Dumps consumers:
Forwarding this note from the xmldatadumps-l@lists.wikimedia.org list about an upcoming change to the number of files generated for some wikis (for example dewiki's stub-articles dumps).
If you use dumps regularly in your tool, please do subscribe to the xmldatadumps-l@lists.wikimedia.org list [0] for future notices like this. The list is generally low volume and high signal with announcements of process change as well as operational issues that may slow dumps generation.
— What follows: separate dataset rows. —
(* Let $Q_1,\ldots,Q_n$ be positive definite real symmetric $n\times n$ matrices with $\sum_{i=1}^n\operatorname{tr}Q_i=n$. Let $H=\{x\in\mathbb R^n:\sum_i x_i=0\}$ and $f:H\to\mathbb R$, $f(x_1,\ldots,x_n)=\ln\det\left(\sum_{i=1}^n e^{x_i}Q_i\right)$, and let $(\xi_1,\ldots,\xi_n)\in H$ be a point at which $f$ attains its minimum on $H$. Let $S$ be an $n\times n$ matrix with $S^*S=\sum_{i=1}^n e^{\xi_i}Q_i$, let $T=S^{-1}$, $\tau_i=e^{\xi_i}$ and $B_i=\tau_iT^*Q_iT$ for $i=1,\ldots,n$. Then $$D(B_1,\ldots,B_n)\ \ge\ D(Q_1,\ldots,Q_n).$$
   Context: For real symmetric $n\times n$ matrices $Q_1,\ldots,Q_n$, the mixed discriminant is $D(Q_1,\ldots,Q_n)=\frac{\partial^n}{\partial t_1\cdots\partial t_n}\det(t_1Q_1+\cdots+t_nQ_n)$. $S^*$ denotes the transpose of $S$. (It is known that $f$ is strictly convex on $H$ and attains its minimum at a unique point, and then $(B_1,\ldots,B_n)$ is doubly stochastic.) *)

theory Defs
  imports "HOL-Analysis.Analysis"
begin

definition partial_coord :: "'n::finite \<Rightarrow> (real^'n \<Rightarrow> real) \<Rightarrow> (real^'n \<Rightarrow> real)" where
  "partial_coord i g = (\<lambda>x. deriv (\<lambda>s. g (x + s *\<^sub>R axis i 1)) 0)"

definition all_indices :: "'n::finite list" where
  "all_indices = (SOME xs. distinct xs \<and> set xs = UNIV)"

text \<open>Mixed discriminant: the mixed partial derivative d^n/(dt_1...dt_n) of
  det(t_1 Q_1 + ... + t_n Q_n); it is a constant (the polynomial is homogeneous
  of degree n), we evaluate it at t = 0.\<close>
definition mixed_discr :: "('n::finite \<Rightarrow> real^'n^'n) \<Rightarrow> real" where
  "mixed_discr Q =
     foldr partial_coord (all_indices :: 'n list)
       (\<lambda>t. det (\<Sum>i\<in>UNIV. t $ i *\<^sub>R Q i)) 0"

definition pos_def_sym :: "real^'n^'n \<Rightarrow> bool" where
  "pos_def_sym A \<longleftrightarrow> transpose A = A \<and> (\<forall>x. x \<noteq> 0 \<longrightarrow> x \<bullet> (A *v x) > 0)"

end

theory Submission
  imports Defs
begin

text \<open>
  The mixed discriminant is the coefficient of \<open>t\<^sub>1\<cdots>t\<^sub>n\<close> in the polynomial
  \<open>det (\<Sum>i. t\<^sub>i Q\<^sub>i)\<close>. Substituting \<open>t\<^sub>i \<mapsto> \<tau>\<^sub>i t\<^sub>i\<close> and conjugating with \<open>T\<close> therefore gives
  \<open>D(B) = (\<Prod>i. \<tau>\<^sub>i) (det T)\<^sup>2 D(Q) = D(Q) / det (\<Sum>i. \<tau>\<^sub>i Q\<^sub>i)\<close>, because
  \<open>\<Prod>i. \<tau>\<^sub>i = exp (\<Sum>i. \<xi>\<^sub>i) = 1\<close>. Comparing the minimum with \<open>0 \<in> H\<close> and applying AM-GM to the
  eigenvalues of \<open>\<Sum>i. Q\<^sub>i\<close> yields \<open>det (\<Sum>i. \<tau>\<^sub>i Q\<^sub>i) \<le> det (\<Sum>i. Q\<^sub>i) \<le> (tr (\<Sum>i. Q\<^sub>i) / n)\<^sup>n = 1\<close>.
  Finally \<open>D(Q) \<ge> 0\<close>: writing each \<open>Q\<^sub>i\<close> as a Gram matrix exhibits \<open>D(Q)\<close> as a sum of
  squared determinants.
\<close>

section \<open>The mixed discriminant as a coefficient\<close>

definition vec_monom :: "('n::finite \<Rightarrow> nat) \<Rightarrow> real^'n \<Rightarrow> real" where
  "vec_monom c t = (\<Prod>j\<in>UNIV. t $ j ^ c j)"

text \<open>A polynomial in \<open>t \<in> \<real>\<^sup>n\<close>, given by a finite family \<open>M\<close> of terms with coefficients \<open>a\<close> and
  exponent vectors \<open>c\<close>; exponent vectors may repeat.\<close>

definition monom_sum :: "'m set \<Rightarrow> ('m \<Rightarrow> real) \<Rightarrow> ('m \<Rightarrow> 'n::finite \<Rightarrow> nat) \<Rightarrow> real^'n \<Rightarrow> real" where
  "monom_sum M a c t = (\<Sum>m\<in>M. a m * vec_monom (c m) t)"

lemma vec_monom_add_axis:
  "vec_monom c (x + s *\<^sub>R axis i 1) = (x $ i + s) ^ c i * (\<Prod>j\<in>UNIV - {i}. x $ j ^ c j)"
proof -
  have "vec_monom c (x + s *\<^sub>R axis i 1) =
      (x + s *\<^sub>R axis i 1) $ i ^ c i * (\<Prod>j\<in>UNIV - {i}. (x + s *\<^sub>R axis i 1) $ j ^ c j)"
    unfolding vec_monom_def by (rule prod.remove) simp_all
  also have "\<dots> = (x $ i + s) ^ c i * (\<Prod>j\<in>UNIV - {i}. x $ j ^ c j)"
    by (auto simp: axis_def intro!: prod.cong)
  finally show ?thesis .
qed

lemma has_real_derivative_vec_monom_axis:
  "((\<lambda>s. vec_monom c (x + s *\<^sub>R axis i 1)) has_real_derivative
      real (c i) * vec_monom (c(i := c i - 1)) x) (at 0)"
proof -
  have lowered: "vec_monom (c(i := c i - 1)) x = x $ i ^ (c i - 1) * (\<Prod>j\<in>UNIV - {i}. x $ j ^ c j)"
    using vec_monom_add_axis[of "c(i := c i - 1)" x 0 i] by (auto intro!: prod.cong)
  have "((\<lambda>s. (x $ i + s) ^ c i * (\<Prod>j\<in>UNIV - {i}. x $ j ^ c j)) has_real_derivative
      (real (c i) * (x $ i + 0) ^ (c i - 1) * 1) * (\<Prod>j\<in>UNIV - {i}. x $ j ^ c j)) (at 0)"
    by (intro derivative_eq_intros) auto
  then show ?thesis
    unfolding vec_monom_add_axis lowered by (simp add: mult.assoc)
qed
definition quad_unit :: "int \<Rightarrow> complex \<Rightarrow> bool" where
  "quad_unit d e \<longleftrightarrow> e \<in> quad_ints d \<and> (\<exists>u \<in> quad_ints d. e * u = 1)"

definition quad_ideal :: "int \<Rightarrow> complex set \<Rightarrow> bool" where
  "quad_ideal d I \<longleftrightarrow> I \<subseteq> quad_ints d \<and> 0 \<in> I \<and>
     (\<forall>x\<in>I. \<forall>y\<in>I. x + y \<in> I) \<and> (\<forall>x\<in>I. \<forall>a\<in>quad_ints d. a * x \<in> I)"

definition class_number_one :: "int \<Rightarrow> bool" where
  "class_number_one d \<longleftrightarrow>
     (\<forall>I. quad_ideal d I \<longrightarrow> (\<exists>a\<in>quad_ints d. I = {a * x | x. x \<in> quad_ints d}))"

definition quad_disc :: "int \<Rightarrow> int" where
  "quad_disc d = (if d mod 4 = 1 then d else 4 * d)"

text \<open>p-adic valuation on Q (value for r = 0 irrelevant).\<close>
definition padic_val_rat :: "int \<Rightarrow> rat \<Rightarrow> int" where
  "padic_val_rat p r = (case quotient_of r of (a, b) \<Rightarrow>
      int (multiplicity p a) - int (multiplicity p b))"

end

theory Submission
  imports Defs "Berlekamp_Zassenhaus.Factor_Bound"
begin
lemma prob_index_less:
  assumes "1 \<le> L"
  shows "prob {\<omega> \<in> space M. \<xi> n \<omega> < L} \<le> 1 - 1 / real L"
proof (rule LIMSEQ_le_const)
  show "(\<lambda>N. 1 - 1 / real L + 1 / real N) \<longlonglongrightarrow> 1 - 1 / real L"
    using tendsto_add[OF tendsto_const lim_1_over_n] by simp
  show "\<exists>N0. \<forall>N\<ge>N0. prob {\<omega> \<in> space M. \<xi> n \<omega> < L} \<le> 1 - 1 / real L + 1 / real N"
  proof (intro exI allI impI)
    fix N assume "L \<le> N"
    define U where "U = (\<Union>k\<in>{L..<N}. {\<omega> \<in> space M. \<xi> n \<omega> = k})"
    have "prob U = (\<Sum>k=L..<N. prob {\<omega> \<in> space M. \<xi> n \<omega> = k})"
      unfolding U_def by (intro measure_finite_Union) (auto simp: disjoint_family_on_def)
    also have "\<dots> = 1 / real L - 1 / real N"
      using \<open>1 \<le> L\<close> \<open>L \<le> N\<close> by (simp add: distr sum_pk_atLeastLessThan)
    finally have "prob U = 1 / real L - 1 / real N" .
    moreover have "{\<omega> \<in> space M. \<xi> n \<omega> < L} \<subseteq> space M - U"
      unfolding U_def by auto
    then have "prob {\<omega> \<in> space M. \<xi> n \<omega> < L} \<le> 1 - prob U"
      using finite_measure_mono[of _ "space M - U"] prob_compl[of U] by (simp add: U_def)
    ultimately show "prob {\<omega> \<in> space M. \<xi> n \<omega> < L} \<le> 1 - 1 / real L + 1 / real N"
      by simp
  qed
qed

lemma AE_index_ge_1: "AE \<omega> in M. \<forall>i. 1 \<le> \<xi> i \<omega>"
proof (subst AE_all_countable, intro allI)
  fix i
  have "prob {\<omega> \<in> space M. \<xi> i \<omega> < 1} = 0"
    using prob_index_less[of 1 i] measure_nonneg[of M] by (simp add: order_antisym)
  then show "AE \<omega> in M. 1 \<le> \<xi> i \<omega>"
    by (intro AE_I[where N="{\<omega> \<in> space M. \<xi> i \<omega> < 1}"]) (auto simp: emeasure_eq_measure)
qed

lemma prob_all_indices_less:
  assumes "1 \<le> L"
  shows "prob {\<omega> \<in> space M. \<forall>i<n. \<xi> i \<omega> < L} \<le> (1 - 1 / real L) ^ n"
proof (cases "n = 0")
  case False
  define A where "A i = \<xi> i -` {..<L} \<inter> space M" for i
  have "indep_sets (\<lambda>i. {\<xi> i -` A \<inter> space M | A. A \<in> sets (count_space UNIV)}) UNIV"
    using indep unfolding indep_vars_def2 by auto
  then have "prob (\<Inter>i\<in>{..<n}. A i) = (\<Prod>i<n. prob (A i))"
    using False by (intro indep_setsD) (auto simp: A_def)
  moreover have "(\<Inter>i\<in>{..<n}. A i) = {\<omega> \<in> space M. \<forall>i<n. \<xi> i \<omega> < L}"
    using False by (auto simp: A_def)
  moreover have "prob (A i) \<le> 1 - 1 / real L" for i
    using prob_index_less[OF assms, of i] by (simp add: A_def Int_def conj_commute)
  ultimately show ?thesis
    using prod_mono[of "{..<n}" "\<lambda>i. prob (A i)" "\<lambda>_. 1 - 1 / real L"] by simp
qed simp

lemma prob_all_indices_below_sqrt:
  assumes "1 \<le> n"
  shows "prob {\<omega> \<in> space M. \<forall>i<n. real (\<xi> i \<omega>) < sqrt (real n)} \<le> exp (1 - sqrt (real n))"
proof -
  define L where "L = nat \<lceil>sqrt (real n)\<rceil>"
  have "1 \<le> sqrt (real n)"
    using assms by simp
  then have L: "1 \<le> L" "real L < sqrt (real n) + 1"
    unfolding L_def by linarith+
  have "real k < sqrt (real n) \<longleftrightarrow> k < L" for k
    unfolding L_def by linarith
  then have "prob {\<omega> \<in> space M. \<forall>i<n. real (\<xi> i \<omega>) < sqrt (real n)} \<le> (1 - 1 / real L) ^ n"
    using prob_all_indices_less[OF L(1), of n] by simp
  also have "\<dots> \<le> exp (- (1 / real L)) ^ n"
    using exp_ge_add_one_self[of "- (1 / real L)"] L(1) by (intro power_mono) auto
  also have "\<dots> = exp (- (real n / real L))"
    by (simp flip: exp_of_nat_mult)
  also have "\<dots> \<le> exp (1 - sqrt (real n))"
  proof -
    have "(sqrt (real n) - 1) * real L \<le> (sqrt (real n) - 1) * (sqrt (real n) + 1)"
      using L \<open>1 \<le> sqrt (real n)\<close> by (intro mult_left_mono) auto
    also have "\<dots> \<le> real n"
      by (simp add: algebra_simps)
    finally show ?thesis
      using L(1) by (simp add: field_simps)
  qed
  finally show ?thesis .
qed

text \<open>Borel-Cantelli applies since e^(1-\<surd>n) \<le> 1/n^2 for large n.\<close>
lemma AE_eventually_index_ge_sqrt:
  "AE \<omega> in M. eventually (\<lambda>n. \<exists>i<n. sqrt (real n) \<le> real (\<xi> i \<omega>)) sequentially"
proof -
  define A where "A n = {\<omega> \<in> space M. \<forall>i<n. real (\<xi> i \<omega>) < sqrt (real n)}" for n
  have "eventually (\<lambda>n. exp (1 - sqrt (real n)) \<le> 1 / real n ^ 2) sequentially"
    by real_asymp
  then have "eventually (\<lambda>n. norm (prob (A n)) \<le> 1 / real n ^ 2) sequentially"
    using eventually_ge_at_top[of 1]
    by eventually_elim (use prob_all_indices_below_sqrt in \<open>force simp: A_def\<close>)
  moreover have "summable (\<lambda>n. 1 / real n ^ 2)"
    using inverse_power_summable[of 2, where 'a=real] by (simp add: inverse_eq_divide)
  ultimately have "summable (\<lambda>n. prob (A n))"
    by (rule summable_comparison_test_ev)
  then have "AE \<omega> in M. eventually (\<lambda>n. \<omega> \<in> space M - A n) sequentially"
    by (intro borel_cantelli_AE1) (auto simp: A_def less_top[symmetric])
  then show ?thesis
    by eventually_elim (auto elim!: eventually_mono simp: A_def not_less)
qed

lemma AE_finite_visits:
  assumes near: "\<And>k y. 1 \<le> k \<Longrightarrow> \<bar>g k y - fmap k y\<bar> \<le> C"
  shows "AE \<omega> in M. finite {n. Fcomp g \<xi> n \<omega> x \<in> {a..b}}"
  using AE_index_ge_1 AE_eventually_index_ge_sqrt
proof eventually_elim
  case (elim \<omega>)
  define C' where "C' = max C 0"
  define B where "B = \<bar>a\<bar> + \<bar>b\<bar>"
  have near': "\<bar>g k y - fmap k y\<bar> \<le> C'" if "1 \<le> k" for k y
    using near[OF that] unfolding C'_def by (simp add: le_max_iff_disj)
  have "eventually (\<lambda>n. real n * (1 + C') + \<bar>x\<bar> + B < exp (sqrt (real n))) sequentially"
    by real_asymp
  with elim(2) have "eventually (\<lambda>n. Fcomp g \<xi> n \<omega> x \<notin> {a..b}) sequentially"
  proof eventually_elim
    case (elim n)
    then obtain i where i: "i < n" "real n * (1 + C') + \<bar>x\<bar> + B < exp (real (\<xi> i \<omega>))"
      by (meson exp_le_cancel_iff less_le_trans)
    have "0 \<le> C'" "0 \<le> B" "\<And>i. 1 \<le> \<xi> i \<omega>"
      using \<open>\<forall>i. 1 \<le> \<xi> i \<omega>\<close> unfolding C'_def B_def by simp_all
    with near' i have "B < \<bar>Fcomp g \<xi> n \<omega> x\<bar>"
      by (intro Fcomp_escapes[where \<xi>=\<xi> and \<omega>=\<omega>]) auto
    then show ?case
      unfolding B_def by auto
  qed
  then show ?case
    by (simp add: eventually_cofinite flip: cofinite_eq_sequentially)
qed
[0]: https://lists.wikimedia.org/mailman/listinfo/xmldatadumps-l
Bryan
---------- Forwarded message ---------- From: Ariel Glenn WMF ariel@wikimedia.org Date: Thu, May 31, 2018 at 5:36 AM Subject: [Xmldatadumps-l] change to output file numbering of big wikis To: Wikipedia Xmldatadumps-l Xmldatadumps-l@lists.wikimedia.org, Wikimedia developers wikitech-l@lists.wikimedia.org
TL;DR: Scripts that reply on xml files numbered 1 through 4 should be updated to check for 1 through 6.
Explanation:
A number of wikis have stubs and page content files generated 4 parts at a time, with the appropriate number added to the filename. I'm going to be increasing that thi month to 6.
The reason for the increase is that near the end of the run there are usually just a few big wikis taking their time at completing. If they run with 6 processes at once, they'll finish up a bit sooner.
If you have scripts that rely on the number 4, just increase it to 6 and you're done.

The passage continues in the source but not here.